The first command starts tracing. “-on” indicates that the kernel provider should be started, and the plus-sign separated words that follow are individual kernel providers (POWER+DISPATCHER+FILE_IO+FILE_IO_INIT) and kernel provider groups (Latency). See “xperf -providers k” for a list of kernel providers and “xperf -help start” for information on the very complex “-on” syntax.

Then, “-stackwalk” indicates which events should have call stacks recorded for them. Call stacks are very useful, but are also expensive. Note that if you turn on stack walks for an event that is not enabled then nothing happens. See Pigs Can Fly for details of this or look at “xperf -help stackwalk” to see the full list of flags.

Then the size and minimum number of buffers is specified. Setting this too high will waste memory, and too low risks losing events. Note that the buffer size is in KB, so the settings above request 300 MB of buffers for the kernel events. See “xperf -help start” for details.
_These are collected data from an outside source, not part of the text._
definition t_blk :: "real vec \<Rightarrow> nat \<Rightarrow> real vec" where
  "t_blk t n = vec ((n+1) * dim_vec t)
     (\<lambda>r. if n * dim_vec t \<le> r then t $ (r - n * dim_vec t) else 0)"

definition C_ET :: "real vec \<Rightarrow> real mat \<Rightarrow> real vec \<Rightarrow> nat \<Rightarrow> real \<Rightarrow> real" where
  "C_ET \<alpha> T t n l = fact n *
     (\<alpha> \<bullet> ((the (mat_inverse (l \<cdot>\<^sub>m 1\<^sub>m (dim_row T) - T)) ^\<^sub>m (n+1)) *\<^sub>v t))"

definition f_ET :: "real vec \<Rightarrow> real mat \<Rightarrow> real vec \<Rightarrow> nat \<Rightarrow> real \<Rightarrow> real \<Rightarrow> real" where
  "f_ET \<alpha> T t n l x =
     me_fun ((fact n / C_ET \<alpha> T t n l) \<cdot>\<^sub>v alpha_blk \<alpha> n) (block_mat T n l) (t_blk t n) x"

end

theory Submission
  imports Defs "Jordan_Normal_Form.Spectral_Radius" "HOL-Probability.Distributions"
begin

(* In one variable, T^[n,lambda] is block upper bidiagonal with diagonal blocks T - lambda I and
   identity blocks above them, so the top-right block of its exponential is
   x^n/n! e^(-lambda x) e^(x T), and alpha^[n] and t^[n] see only that block:
   f^ET_{n,lambda,j}(x) = x^n e^(-lambda x) g_j(x) / C^ET_{n,lambda,j}.  Repeated integration by parts,
   with (lambda I - T)^-1 undoing differentiation of alpha e^(x (T - lambda I)) v, gives
   int_0^oo x^n e^(-lambda x) alpha e^(x T) t dx = n! alpha (lambda I - T)^-(n+1) t = C^ET_{n,lambda,j};
   the boundary terms vanish because e^(x T) decays exponentially when all eigenvalues of T have
   negative real part.  By Fubini the multivariate normaliser is the p-weighted sum of products of
   these one-dimensional integrals, and dividing every factor by its own normaliser exhibits the
   transform as a mixture of products of the ME densities f^ET_{n_k,lambda_k,j}. *)

lemma index_mult_mat_sum:
  assumes "A \<in> carrier_mat n m" "B \<in> carrier_mat m q" "i < n" "j < q"
  shows "(A * B) $$ (i,j) = (\<Sum>l<m. A $$ (i,l) * B $$ (l,j))"
  using assms by (simp add: scalar_prod_def atLeast0LessThan)

lemma index_mult_mat_vec_sum:
  assumes "A \<in> carrier_mat n m" "v \<in> carrier_vec m" "i < n"
  shows "(A *\<^sub>v v) $ i = (\<Sum>l<m. A $$ (i,l) * v $ l)"
  using assms by (simp add: scalar_prod_def atLeast0LessThan)

lemma scalar_prod_sum_lessThan:
  fixes v w :: "'a::semiring_0 vec"
  assumes "v \<in> carrier_vec m"
  shows "w \<bullet> v = (\<Sum>l<m. w $ l * v $ l)"
  using assms by (simp add: scalar_prod_def atLeast0LessThan)

lemma scalar_prod_mult_mat_vec_sum:
  fixes v w :: "'a::semiring_0 vec"
  assumes "A \<in> carrier_mat p p" "w \<in> carrier_vec p"
  shows "v \<bullet> (A *\<^sub>v w) = (\<Sum>i<p. v $ i * (\<Sum>j<p. A $$ (i,j) * w $ j))"
  using assms by (simp add: scalar_prod_sum_lessThan[of _ p] index_mult_mat_vec_sum)

lemma smult_one_mult_mat_vec:
  fixes v :: "'a::comm_ring_1 vec"
  assumes "v \<in> carrier_vec p"
  shows "(c \<cdot>\<^sub>m 1\<^sub>m p) *\<^sub>v v = c \<cdot>\<^sub>v v"
proof (rule eq_vecI)
  fix i assume "i < dim_vec (c \<cdot>\<^sub>v v)"
  with assms have i: "i < p" by simp
  have "((c \<cdot>\<^sub>m 1\<^sub>m p) *\<^sub>v v) $ i = (\<Sum>l<p. (if l = i then c * v $ i else 0))"
    using assms i by (simp add: index_mult_mat_vec_sum[of _ p p] cong: if_cong)
  with i assms show "((c \<cdot>\<^sub>m 1\<^sub>m p) *\<^sub>v v) $ i = (c \<cdot>\<^sub>v v) $ i" by simp
qed (use assms in auto)

lemma pow_mat_Suc_left:
  assumes "A \<in> carrier_mat n n"
  shows "A ^\<^sub>m Suc k = A * A ^\<^sub>m k"
proof (induct k)
  case (Suc k)
  have "A ^\<^sub>m Suc (Suc k) = (A * A ^\<^sub>m k) * A" using Suc by simp
  also have "\<dots> = A * (A ^\<^sub>m k * A)" using assms by (intro assoc_mult_mat[of _ n n _ n _ n]) auto
  finally show ?case by simp
qed (use assms in simp)

lemma pow_smult_mat:
  fixes A :: "'a::comm_ring_1 mat"
  assumes "A \<in> carrier_mat p p"
  shows "(x \<cdot>\<^sub>m A) ^\<^sub>m k = x^k \<cdot>\<^sub>m A ^\<^sub>m k"
proof (induct k)
  case (Suc k)
  have "(x \<cdot>\<^sub>m A) ^\<^sub>m Suc k = x^k \<cdot>\<^sub>m A ^\<^sub>m k * (x \<cdot>\<^sub>m A)" using Suc by simp
  also have "\<dots> = x^Suc k \<cdot>\<^sub>m A ^\<^sub>m Suc k"
    using assms by (intro eq_matI) (auto simp: index_mult_mat_sum[of _ p p _ p] sum_distrib_left mult_ac)
  finally show ?case .
qed (use assms in auto)

lemma sum_binomial_Suc:
  fixes a :: "nat \<Rightarrow> real"
  shows "(\<Sum>r\<le>Suc k. real (Suc k choose r) * d^(Suc k - r) * a r)
       = (\<Sum>r\<le>k. real (k choose r) * d^(k-r) * a (Suc r)) + d * (\<Sum>r\<le>k. real (k choose r) * d^(k-r) * a r)"
proof -
  have "d * (\<Sum>r\<le>k. real (k choose r) * d^(k-r) * a r) = (\<Sum>r\<le>Suc k. real (k choose r) * d^(Suc k - r) * a r)"
    unfolding sum_distrib_left by (simp add: Suc_diff_le mult_ac)
  also have "\<dots> = d^Suc k * a 0 + (\<Sum>r\<le>k. real (k choose Suc r) * d^(k-r) * a (Suc r))"
    by (subst sum.atMost_Suc_shift) simp
  finally show ?thesis
    by (subst sum.atMost_Suc_shift) (simp add: binomial_Suc_Suc distrib_right sum.distrib)
qed

lemma index_pow_plus_smult_one:
  fixes A :: "real mat"
  assumes A: "A \<in> carrier_mat p p" and i: "i < p" and j: "j < p"
  shows "((A + d \<cdot>\<^sub>m 1\<^sub>m p) ^\<^sub>m k) $$ (i,j) = (\<Sum>r\<le>k. real (k choose r) * d^(k-r) * (A ^\<^sub>m r) $$ (i,j))"
  using j
proof (induct k arbitrary: j)
  case (Suc k)
  let ?B = "A + d \<cdot>\<^sub>m 1\<^sub>m p"
  have B: "?B \<in> carrier_mat p p" using A by auto
  have "(?B ^\<^sub>m Suc k) $$ (i,j) = (\<Sum>l<p. (?B ^\<^sub>m k) $$ (i,l) * ?B $$ (l,j))"
    using index_mult_mat_sum[OF pow_carrier_mat[OF B] B i Suc.prems, of k] by simp
  also have "\<dots> = (\<Sum>l<p. (?B ^\<^sub>m k) $$ (i,l) * A $$ (l,j))
      + (\<Sum>l<p. (?B ^\<^sub>m k) $$ (i,l) * (if l = j then d else 0))"
    unfolding sum.distrib[symmetric] using A Suc.prems by (intro sum.cong refl) (auto simp: distrib_left)
  also have "(\<Sum>l<p. (?B ^\<^sub>m k) $$ (i,l) * (if l = j then d else 0)) = d * (?B ^\<^sub>m k) $$ (i,j)"
    using Suc.prems by (simp add: mult.commute if_distrib cong: if_cong)
  also have "(\<Sum>l<p. (?B ^\<^sub>m k) $$ (i,l) * A $$ (l,j))
      = (\<Sum>r\<le>k. real (k choose r) * d^(k-r) * (\<Sum>l<p. (A ^\<^sub>m r) $$ (i,l) * A $$ (l,j)))"
    using Suc.hyps by (simp add: sum_distrib_left sum_distrib_right mult_ac sum.swap[of _ "{..<p}"])
  also have "\<dots> = (\<Sum>r\<le>k. real (k choose r) * d^(k-r) * (A ^\<^sub>m Suc r) $$ (i,j))"
    using index_mult_mat_sum[OF pow_carrier_mat[OF A] A i Suc.prems] by simp
  finally show ?case using Suc.hyps[OF Suc.prems] sum_binomial_Suc[of k d "\<lambda>r. (A ^\<^sub>m r) $$ (i,j)"] by simp
qed (use A i in auto)

section \<open>The matrix exponential\<close>

definition sum_abs_entries :: "real mat \<Rightarrow> real" where
  "sum_abs_entries A = (\<Sum>i<dim_row A. \<Sum>j<dim_col A. \<bar>A $$ (i,j)\<bar>)"

lemma sum_abs_entries_nonneg: "0 \<le> sum_abs_entries A"
  unfolding sum_abs_entries_def by (intro sum_nonneg) auto

lemma abs_index_pow_mat_le:
  assumes A: "A \<in> carrier_mat p p" and i: "i < p" and j: "j < p"
  shows "\<bar>(A ^\<^sub>m k) $$ (i,j)\<bar> \<le> sum_abs_entries A ^ k"
  using j
proof (induct k arbitrary: j)
  case (Suc k)
  have col: "(\<Sum>l<p. \<bar>A $$ (l,j)\<bar>) \<le> sum_abs_entries A"
  proof -
    have "(\<Sum>l<p. \<bar>A $$ (l,j)\<bar>) \<le> (\<Sum>l<p. \<Sum>j'<p. \<bar>A $$ (l,j')\<bar>)"
      using Suc.prems by (intro sum_mono member_le_sum) auto
    with A show ?thesis unfolding sum_abs_entries_def by simp
  qed
  have "\<bar>(A ^\<^sub>m Suc k) $$ (i,j)\<bar> = \<bar>\<Sum>l<p. (A ^\<^sub>m k) $$ (i,l) * A $$ (l,j)\<bar>"
    using index_mult_mat_sum[OF pow_carrier_mat[OF A] A i Suc.prems, of k] by simp
  also have "\<dots> \<le> (\<Sum>l<p. sum_abs_entries A ^ k * \<bar>A $$ (l,j)\<bar>)"
    by (rule order_trans[OF sum_abs], rule sum_mono) (simp add: abs_mult mult_right_mono Suc.hyps)
  also have "\<dots> \<le> sum_abs_entries A ^ k * sum_abs_entries A"
    unfolding sum_distrib_left[symmetric] using col
    by (intro mult_left_mono) (auto simp: sum_abs_entries_nonneg)
  finally show ?case by (simp add: mult.commute)
qed (use A i in auto)

definition mexp_coeff :: "real mat \<Rightarrow> nat \<Rightarrow> nat \<Rightarrow> nat \<Rightarrow> real" where
  "mexp_coeff A i j k = (A ^\<^sub>m k) $$ (i,j) / fact k"

lemma mexp_carrier: "A \<in> carrier_mat p p \<Longrightarrow> mexp (x \<cdot>\<^sub>m A) \<in> carrier_mat p p"
  unfolding mexp_def by auto

lemma index_mexp_smult:
  assumes "A \<in> carrier_mat p p" "i < p" "j < p"
  shows "mexp (x \<cdot>\<^sub>m A) $$ (i,j) = (\<Sum>k. mexp_coeff A i j k * x^k)"
  using assms unfolding mexp_def mexp_coeff_def by (simp add: pow_smult_mat mult_ac)

lemma exp_real_sums: "(\<lambda>k. y^k / fact k) sums exp (y::real)"
  using exp_converges[of y] by (simp add: divide_inverse mult.commute)

lemma summable_norm_exp_real: "summable (\<lambda>k. norm ((y::real)^k / fact k))"
  using sums_summable[OF exp_real_sums[of "\<bar>y\<bar>"]] by (simp add: power_abs)

lemma summable_norm_mexp_coeff:
  assumes "A \<in> carrier_mat p p" "i < p" "j < p"
  shows "summable (\<lambda>k. norm (mexp_coeff A i j k * x^k))"
proof (rule summable_comparison_test'[OF summable_norm_exp_real[of "sum_abs_entries A * x"]])
  fix k
  have "norm (mexp_coeff A i j k * x^k) \<le> sum_abs_entries A ^ k * \<bar>x\<bar>^k / fact k"
    unfolding mexp_coeff_def using abs_index_pow_mat_le[OF assms]
    by (simp add: abs_mult power_abs divide_right_mono mult_right_mono)
  then show "norm (norm (mexp_coeff A i j k * x^k)) \<le> norm ((sum_abs_entries A * x)^k / fact k)"
    by (simp add: power_mult_distrib abs_mult power_abs sum_abs_entries_nonneg)
qed

lemma summable_mexp_coeff:
  assumes "A \<in> carrier_mat p p" "i < p" "j < p"
  shows "summable (\<lambda>k. mexp_coeff A i j k * x^k)"
  using summable_norm_cancel[OF summable_norm_mexp_coeff[OF assms]] .

lemma mexp_zero_smult:
  assumes "A \<in> carrier_mat p p"
  shows "mexp (0 \<cdot>\<^sub>m A) = 1\<^sub>m p"
proof (rule eq_matI)
  fix i j assume "i < dim_row (1\<^sub>m p)" "j < dim_col (1\<^sub>m p)"
  then show "mexp (0 \<cdot>\<^sub>m A) $$ (i,j) = 1\<^sub>m p $$ (i,j)"
    using index_mexp_smult[OF assms, of i j 0] assms powser_zero[of "mexp_coeff A i j"]
    by (simp add: mexp_coeff_def)
qed (use assms mexp_carrier[OF assms] in auto)

lemma has_real_derivative_index_mexp:
  assumes A: "A \<in> carrier_mat p p" and ij: "i < p" "j < p"
  shows "((\<lambda>x. mexp (x \<cdot>\<^sub>m A) $$ (i,j)) has_real_derivative (mexp (x \<cdot>\<^sub>m A) * A) $$ (i,j)) (at x)"
proof -
  have diffs: "diffs (mexp_coeff A i j) k = (\<Sum>l<p. mexp_coeff A i l k * A $$ (l,j))" for k
    using index_mult_mat_sum[OF pow_carrier_mat[OF A] A ij, of k]
    by (simp add: diffs_def mexp_coeff_def sum_divide_distrib)
  have "((\<lambda>x. \<Sum>k. mexp_coeff A i j k * x^k) has_real_derivative (\<Sum>k. diffs (mexp_coeff A i j) k * x^k)) (at x)"
    by (rule termdiffs_strong_converges_everywhere) (rule summable_mexp_coeff[OF assms])
  moreover have "(\<Sum>k. diffs (mexp_coeff A i j) k * x^k) = (\<Sum>k. \<Sum>l<p. mexp_coeff A i l k * x^k * A $$ (l,j))"
    by (simp add: diffs sum_distrib_left sum_distrib_right mult_ac)
  moreover have "\<dots> = (\<Sum>l<p. \<Sum>k. mexp_coeff A i l k * x^k * A $$ (l,j))"
    using A ij by (intro suminf_sum summable_mult2 summable_mexp_coeff) auto
  moreover have "\<dots> = (mexp (x \<cdot>\<^sub>m A) * A) $$ (i,j)"
    using A ij mexp_carrier[OF A]
    by (simp add: index_mult_mat_sum[of _ p p _ p] index_mexp_smult suminf_mult2[symmetric] summable_mexp_coeff)
  ultimately show ?thesis using index_mexp_smult[OF assms] by simp
qed

lemma index_mexp_plus_smult_one:
  fixes A :: "real mat"
  assumes A: "A \<in> carrier_mat p p" and ij: "i < p" "j < p"
  shows "mexp (x \<cdot>\<^sub>m (A + d \<cdot>\<^sub>m 1\<^sub>m p)) $$ (i,j) = exp (d*x) * mexp (x \<cdot>\<^sub>m A) $$ (i,j)"
proof -
  let ?B = "A + d \<cdot>\<^sub>m 1\<^sub>m p"
  let ?u = "\<lambda>r. mexp_coeff A i j r * x^r" and ?v = "\<lambda>m. (d*x)^m / fact m"
  have "exp (d*x) * mexp (x \<cdot>\<^sub>m A) $$ (i,j) = (\<Sum>r. ?u r) * (\<Sum>m. ?v m)"
    using index_mexp_smult[OF A ij] sums_unique[OF exp_real_sums[of "d*x"]] by simp
  also have "\<dots> = (\<Sum>k. \<Sum>r\<le>k. ?u r * ?v (k - r))"
    by (rule Cauchy_product[OF summable_norm_mexp_coeff[OF A ij] summable_norm_exp_real])
  also have "\<dots> = (\<Sum>k. mexp_coeff ?B i j k * x^k)"
  proof (intro suminf_cong)
    fix k
    have "?u r * ?v (k - r) = real (k choose r) * d^(k-r) * (A ^\<^sub>m r) $$ (i,j) / fact k * x^k"
      if "r \<le> k" for r
      unfolding mexp_coeff_def binomial_fact[OF that] power_add[symmetric] le_add_diff_inverse[OF that]
      by (simp add: power_mult_distrib power_add[symmetric] that field_simps)
    then show "(\<Sum>r\<le>k. ?u r * ?v (k - r)) = mexp_coeff ?B i j k * x^k"
      unfolding mexp_coeff_def index_pow_plus_smult_one[OF A ij] sum_divide_distrib sum_distrib_right
      by (intro sum.cong) auto
  qed
  also have "\<dots> = mexp (x \<cdot>\<^sub>m ?B) $$ (i,j)"
    using A by (simp add: index_mexp_smult[OF _ ij])
  finally show ?thesis ..
qed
Then we get to “-start gamesession” which requests that we start a user-mode logging session called gamesession. Any name will do, but only one session of that name can be running at a time. Following that is “-on” and a list of user-mode providers. The first one is a built-in Windows 7 provider. See “xperf -providers” for a list of user-mode providers. The others are the providers that are defined in MultiProvider.exe and registered with ETWregister.bat. Customizing these, in ETWCommonSettings.bat can be important.

Xperf is invoked again after you hit a key to stop tracing:

xperf -stop gamesession -stop -d test.etl

The “-stop gamesession” tells xperf to end our user-mode logging session. The “-stop” by itself then tells xperf to halt the kernel session. The “-d test.etl” tells xperf to take those just-stopped sessions and merge them into a single trace file, for integrated analysis.

There are also a couple of “xperf –loggers” commands. Those are there for diagnostic purposes. When things go awry this undocumented command gives a list of all active ETW sessions that can help understand what is going on.